(* Let $\Omega\subset\mathbb{R}^N$ be a bounded region with $\partial\Omega\in\mathrm{Lip}(\gamma,M,\delta,s,\{V_j\}_{j=1}^s,\{\lambda_j\}_{j=1}^s)$, and let $T_\varepsilon$, $0<\varepsilon\le\delta/4$, be the maps defined in the context. Then there exist $A_5,\varepsilon_4>0$, depending only on $N,\gamma,M,\delta,s,\{V_j\}_{j=1}^s,\{\lambda_j\}_{j=1}^s$, such that for all $0<\varepsilon\le\varepsilon_4$ $$|\Omega\setminus T_\varepsilon(\Omega)|\le A_5\varepsilon.$$
   Context: A region is an open connected subset of $\mathbb{R}^N$; $|\cdot|$ is Lebesgue measure. For an open set $V$ let $(V)_\delta=\{x\in V:\operatorname{dist}(x,\partial V)>\delta\}$. Hölder class: let $0<\gamma\le1$, $M,\delta>0$, $s\ge1$ an integer, $\{V_j\}_{j=1}^s$ bounded open cuboids and $\{\lambda_j\}_{j=1}^s$ rotations of $\mathbb{R}^N$. A bounded region $\Omega$ satisfies $\partial\Omega\in\mathrm{Lip}(\gamma,M,\delta,s,\{V_j\},\{\lambda_j\})$ if: (i) $\Omega\subset\bigcup_j(V_j)_\delta$ and $(V_j)_\delta\cap\Omega\ne\emptyset$ for each $j$; (ii) for each $j$, $\lambda_j(V_j)=\{x:a_{ij}<x_i<b_{ij},\ i=1,\dots,N\}$ and $\lambda_j(\Omega\cap V_j)=\{x:a_{Nj}<x_N<\varphi_j(\bar x),\ \bar x\in W_j\}$, where $\bar x=(x_1,\dots,x_{N-1})$, $W_j=\{\bar x:a_{ij}<x_i<b_{ij},\ i=1,\dots,N-1\}$, and $|\varphi_j(\bar x)-\varphi_j(\bar y)|\le M|\bar x-\bar y|^\gamma$ for $\bar x,\bar y\in\overline{W_j}$; (iii) if $V_j\cap\partial\Omega\ne\emptyset$ then $a_{Nj}+\delta\le\varphi_j(\bar x)\le b_{Nj}-\delta$ for $\bar x\in W_j$, while if $V_j\subset\Omega$ then $\varphi_j\equiv b_{Nj}$. The maps $T_\varepsilon$: fix functions $\psi_j\in C^\infty(\mathbb{R}^N)$, $j=1,\dots,s$, with $0\le\psi_j\le1$, $\operatorname{supp}\psi_j\subset(V_j)_{3\delta/4}$, $|\nabla\psi_j|\le b/\delta$ for a fixed constant $b>0$, and $\sum_{j=1}^s\psi_j(x)=1$ for $x\in\Omega$. Let $e_N=(0,\dots,0,1)$ and $\xi_j=\lambda_j^{-1}(e_N)$. For $x\in\mathbb{R}^N$ and $\varepsilon\in(0,\delta/4]$ set $T_\varepsilon(x)=x-\varepsilon\sum_{j=1}^s\xi_j\psi_j(x)$. *)

theory Defs
  imports "HOL-Analysis.Analysis"
begin

text \<open>Euclidean space R^N is modelled as (real, 'n::{finite,linorder}) vec with a linearly ordered finite index
type 'n; the distinguished N-th (last) coordinate is the greatest index.\<close>

definition lastc :: "'n::{finite,linorder}" where
  "lastc = Max UNIV"

definition eN :: "(real, 'n::{finite,linorder}) vec" where
  "eN = axis lastc 1"

text \<open>x-bar, represented as the vector with last coordinate set to 0
  (isometric copy of R^(N-1)).\<close>
definition proj_bar :: "(real, 'n::{finite,linorder}) vec \<Rightarrow> (real, 'n::{finite,linorder}) vec" where
  "proj_bar x = (\<chi> i. if i = lastc then 0 else x $ i)"

definition Wbox :: "(real, 'n::{finite,linorder}) vec \<Rightarrow> (real, 'n::{finite,linorder}) vec \<Rightarrow> ((real, 'n::{finite,linorder}) vec) set" where
  "Wbox a b = {x. x $ lastc = 0 \<and> (\<forall>i. i \<noteq> lastc \<longrightarrow> a $ i < x $ i \<and> x $ i < b $ i)}"

definition inner_part :: "('a::metric_space) set \<Rightarrow> real \<Rightarrow> 'a set" where
  "inner_part V d = {x \<in> V. infdist x (frontier V) > d}"

definition rotation :: "((real, 'n::{finite,linorder}) vec \<Rightarrow> (real, 'n::{finite,linorder}) vec) \<Rightarrow> bool" where
  "rotation f \<longleftrightarrow> orthogonal_transformation f \<and> det (matrix f) = 1"

text \<open>C^infinity: all iterated partial derivatives exist, and every one of them
  is (Frechet) differentiable everywhere.\<close>
definition smooth_fun :: "((real, 'n::{finite,linorder}) vec \<Rightarrow> real) \<Rightarrow> bool" where
  "smooth_fun f \<longleftrightarrow> (\<exists>P :: 'n list \<Rightarrow> (real, 'n::{finite,linorder}) vec \<Rightarrow> real. P [] = f \<and>
     (\<forall>is x. (P is has_derivative (\<lambda>h. \<Sum>i\<in>UNIV. h $ i * P (i # is) x)) (at x)))"

definition lip_boundary ::
  "real \<Rightarrow> real \<Rightarrow> real \<Rightarrow> nat \<Rightarrow> (nat \<Rightarrow> ((real, 'n::{finite,linorder}) vec) set)
   \<Rightarrow> (nat \<Rightarrow> (real, 'n::{finite,linorder}) vec \<Rightarrow> (real, 'n::{finite,linorder}) vec) \<Rightarrow> ((real, 'n::{finite,linorder}) vec) set \<Rightarrow> bool" where
  "lip_boundary \<gamma> M \<delta> s V lam \<Omega> \<longleftrightarrow>
     \<Omega> \<subseteq> (\<Union>j\<in>{1..s}. inner_part (V j) \<delta>) \<and>
     (\<forall>j\<in>{1..s}. inner_part (V j) \<delta> \<inter> \<Omega> \<noteq> {}) \<and>
     (\<forall>j\<in>{1..s}. \<exists>a b (\<phi> :: (real, 'n::{finite,linorder}) vec \<Rightarrow> real).
        lam j ` V j = box a b \<and>
        lam j ` (\<Omega> \<inter> V j) =
          {x. proj_bar x \<in> Wbox a b \<and> a $ lastc < x $ lastc \<and> x $ lastc < \<phi> (proj_bar x)} \<and>
        (\<forall>x\<in>closure (Wbox a b). \<forall>y\<in>closure (Wbox a b).
            \<bar>\<phi> x - \<phi> y\<bar> \<le> M * norm (x - y) powr \<gamma>) \<and>
        (V j \<inter> frontier \<Omega> \<noteq> {} \<longrightarrow>
            (\<forall>x\<in>Wbox a b. a $ lastc + \<delta> \<le> \<phi> x \<and> \<phi> x \<le> b $ lastc - \<delta>)) \<and>
        (V j \<subseteq> \<Omega> \<longrightarrow> (\<forall>x\<in>Wbox a b. \<phi> x = b $ lastc)))"

definition T_map :: "nat \<Rightarrow> (nat \<Rightarrow> (real, 'n::{finite,linorder}) vec \<Rightarrow> (real, 'n::{finite,linorder}) vec)
    \<Rightarrow> (nat \<Rightarrow> (real, 'n::{finite,linorder}) vec \<Rightarrow> real) \<Rightarrow> real \<Rightarrow> (real, 'n::{finite,linorder}) vec \<Rightarrow> (real, 'n::{finite,linorder}) vec" where
  "T_map s lam \<psi> \<epsilon> x = x - \<epsilon> *\<^sub>R (\<Sum>j\<in>{1..s}. \<psi> j x *\<^sub>R inv (lam j) eN)"

end

theory Submission
  imports Defs
begin

text \<open>Write \<open>T\<^sub>\<epsilon> x = x - \<epsilon> v x\<close> with \<open>v = (\<Sum>j. \<psi>\<^sub>j \<xi>\<^sub>j)\<close>. For small \<open>\<epsilon>\<close> the map \<open>x \<mapsto> \<epsilon> v x\<close> is a
  contraction, so every \<open>y\<close> has a preimage \<open>x\<close>, and \<open>x \<notin> \<Omega>\<close> when \<open>y \<in> \<Omega> - T\<^sub>\<epsilon> ` \<Omega>\<close>.
  Inside the chart \<open>V\<^sub>j\<close> the complement of \<open>\<Omega>\<close> is invariant under moving up along \<open>\<xi>\<^sub>j\<close>; pushing
  \<open>x\<close> by \<open>\<epsilon> (1 - \<psi>\<^sub>i x)\<close> along each active direction \<open>\<xi>\<^sub>i\<close>, \<open>i \<in> I = {i. \<psi>\<^sub>i x \<noteq> 0}\<close>, therefore
  stays outside \<open>\<Omega>\<close>, and the point reached is \<open>y + \<epsilon> w\<^sub>I\<close> with \<open>w\<^sub>I = (\<Sum>i\<in>I. \<xi>\<^sub>i)\<close>. So \<open>y\<close> lies in
  the set of points of \<open>\<Omega> \<inter> E\<^sub>I\<close> whose translate by \<open>\<epsilon> w\<^sub>I\<close> leaves \<open>\<Omega>\<close>, where \<open>E\<^sub>I\<close> is the common
  erosion of the charts in \<open>I\<close>. The same invariance moves this set, translated back by \<open>\<epsilon> w\<^sub>I\<close>,
  into the part of the translate \<open>E\<^sub>I - \<epsilon> w\<^sub>I\<close> outside \<open>E\<^sub>I\<close>, whose measure is \<open>O(\<epsilon>)\<close> because \<open>E\<^sub>I\<close> is bounded, open and
  convex: a homothetic copy of ratio \<open>1 - O(\<epsilon>)\<close> fits into every small translate. Summing over
  the finitely many \<open>I\<close> gives the bound.\<close>

section \<open>Charts\<close>

text \<open>Condition (ii) of the Hoelder class, seen along \<open>\<xi> = \<lambda>\<^sup>-\<^sup>1 e\<^sub>N\<close>: within \<open>V\<close>, \<open>\<Omega>\<close> lies below a graph.\<close>

definition subgraph_along :: "'a::real_vector set \<Rightarrow> 'a set \<Rightarrow> 'a \<Rightarrow> bool" where
  "subgraph_along V \<Omega> \<xi> \<longleftrightarrow>
     (\<forall>p t. p \<in> V - \<Omega> \<longrightarrow> 0 \<le> t \<longrightarrow> p + t *\<^sub>R \<xi> \<in> V \<longrightarrow> p + t *\<^sub>R \<xi> \<notin> \<Omega>)"

lemma norm_sum_scaleR_unit_le:
  fixes \<xi> :: "'i \<Rightarrow> 'a::real_normed_vector"
  assumes "\<And>i. i \<in> I \<Longrightarrow> norm (\<xi> i) = 1"
  shows "norm (\<Sum>i\<in>I. c i *\<^sub>R \<xi> i) \<le> (\<Sum>i\<in>I. \<bar>c i\<bar>)"
  using norm_sum[of "\<lambda>i. c i *\<^sub>R \<xi> i" I] assms by (simp cong: sum.cong)

lemma subgraph_along_sum_notin:
  fixes \<xi> :: "'i \<Rightarrow> 'a::real_normed_vector"
  assumes "finite I"
    and "\<And>i. i \<in> I \<Longrightarrow> subgraph_along (V i) \<Omega> (\<xi> i)"
    and "\<And>i. i \<in> I \<Longrightarrow> norm (\<xi> i) = 1"
    and "\<And>i. i \<in> I \<Longrightarrow> ball z r \<subseteq> V i"
    and "\<And>i. i \<in> I \<Longrightarrow> 0 \<le> c i"
    and "sum c I < r" and "z \<notin> \<Omega>"
  shows "z + (\<Sum>i\<in>I. c i *\<^sub>R \<xi> i) \<notin> \<Omega>"
  using assms
proof (induction I rule: finite_induct)
  case empty
  then show ?case by simp
next
  case (insert k F)
  let ?p = "z + (\<Sum>i\<in>F. c i *\<^sub>R \<xi> i)"
  have in_V: "z + (\<Sum>i\<in>I. c i *\<^sub>R \<xi> i) \<in> V k" if "I \<subseteq> insert k F" for I
  proof -
    have "norm (\<Sum>i\<in>I. c i *\<^sub>R \<xi> i) \<le> (\<Sum>i\<in>I. \<bar>c i\<bar>)"
      using that insert.prems(2) by (intro norm_sum_scaleR_unit_le) auto
    also have "\<dots> = sum c I"
      using that insert.prems(4) by (intro sum.cong) auto
    also have "\<dots> \<le> sum c (insert k F)"
      using that insert by (intro sum_mono2) auto
    finally have "z + (\<Sum>i\<in>I. c i *\<^sub>R \<xi> i) \<in> ball z r"
      using insert.prems(5) by (simp add: dist_norm)
    then show ?thesis
      using insert.prems(3)[of k] by blast
  qed
  have "0 \<le> c k"
    using insert.prems(4) by simp
  then have "sum c F < r"
    using insert.prems(5) insert.hyps by simp
  then have "?p \<notin> \<Omega>"
    using insert.prems by (intro insert.IH) auto
  moreover have "?p \<in> V k"
    using in_V[of F] by blast
  moreover have "?p + c k *\<^sub>R \<xi> k \<in> V k"
    using in_V[of "insert k F"] insert.hyps by (simp add: algebra_simps)
  ultimately have "?p + c k *\<^sub>R \<xi> k \<notin> \<Omega>"
    using insert.prems(1)[of k] insert.prems(4)[of k] unfolding subgraph_along_def by auto
  then show ?case
    using insert by (simp add: add.commute add.left_commute)
qed

lemma norm_rotation_inv_eN:
  assumes "rotation lam"
  shows "norm (inv lam eN) = 1"
proof -
  have "orthogonal_transformation lam"
    using assms by (simp add: rotation_def)
  then have "norm (inv lam eN) = norm (lam (inv lam eN))"
    by (simp add: orthogonal_transformation_norm)
  also have "lam (inv lam eN) = eN"
    using \<open>orthogonal_transformation lam\<close>
    by (simp add: orthogonal_transformation_surj surj_f_inv_f)
  finally show ?thesis
    by (simp add: eN_def)
qed

lemma rotation_chart_bounded_convex:
  assumes "rotation lam" and "lam ` V = box a b"
  shows "bounded V" "convex V"
proof -
  have lam: "orthogonal_transformation lam"
    using assms(1) by (simp add: rotation_def)
  have "V = inv lam ` (lam ` V)"
    using orthogonal_transformation_inj[OF lam] by (simp add: image_inv_f_f)
  then have "V = inv lam ` box a b"
    by (simp add: assms(2))
  moreover have "linear (inv lam)"
    using orthogonal_transformation_inv[OF lam] orthogonal_transformation_linear by blast
  ultimately show "bounded V" "convex V"
    by (simp_all add: bounded_linear_image linear_conv_bounded_linear convex_linear_image)
qed

lemma subgraph_along_chart:
  assumes "rotation lam" and "lam ` V = box a b"
    and "lam ` (\<Omega> \<inter> V) =
      {x. proj_bar x \<in> Wbox a b \<and> a $ lastc < x $ lastc \<and> x $ lastc < \<phi> (proj_bar x)}"
  shows "subgraph_along V \<Omega> (inv lam eN)"
  unfolding subgraph_along_def
proof (intro allI impI notI)
  fix p t assume p: "p \<in> V - \<Omega>" "0 \<le> t" and q: "p + t *\<^sub>R inv lam eN \<in> V" "p + t *\<^sub>R inv lam eN \<in> \<Omega>"
  have lam: "orthogonal_transformation lam"
    using assms(1) by (simp add: rotation_def)
  have "lam (p + t *\<^sub>R inv lam eN) = lam p + t *\<^sub>R eN"
    using orthogonal_transformation_linear[OF lam] orthogonal_transformation_surj[OF lam]
    by (simp add: linear_add linear_scale surj_f_inv_f)
  moreover have "lam (p + t *\<^sub>R inv lam eN) \<in> lam ` (\<Omega> \<inter> V)"
    using q by blast
  moreover have "proj_bar (lam p + t *\<^sub>R eN) = proj_bar (lam p)"
    "(lam p + t *\<^sub>R eN) $ lastc = lam p $ lastc + t"
    by (simp_all add: proj_bar_def vec_eq_iff eN_def axis_def)
  ultimately have "proj_bar (lam p) \<in> Wbox a b" "lam p $ lastc + t < \<phi> (proj_bar (lam p))"
    unfolding assms(3) by auto
  moreover have "lam p \<in> box a b"
    using p(1) assms(2) by blast
  then have "a $ lastc < lam p $ lastc"
    by (simp add: mem_box_cart)
  ultimately have "lam p \<in> lam ` (\<Omega> \<inter> V)"
    unfolding assms(3) using p(2) by auto
  then have "p \<in> \<Omega>"
    using inj_image_mem_iff[OF orthogonal_transformation_inj[OF lam]] by blast
  with p(1) show False
    by blast
qed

# Your instructions
Whenever the string "moreover" shows up in a line of the records, that line counts; state how many lines count, and only that.

# Answer box
6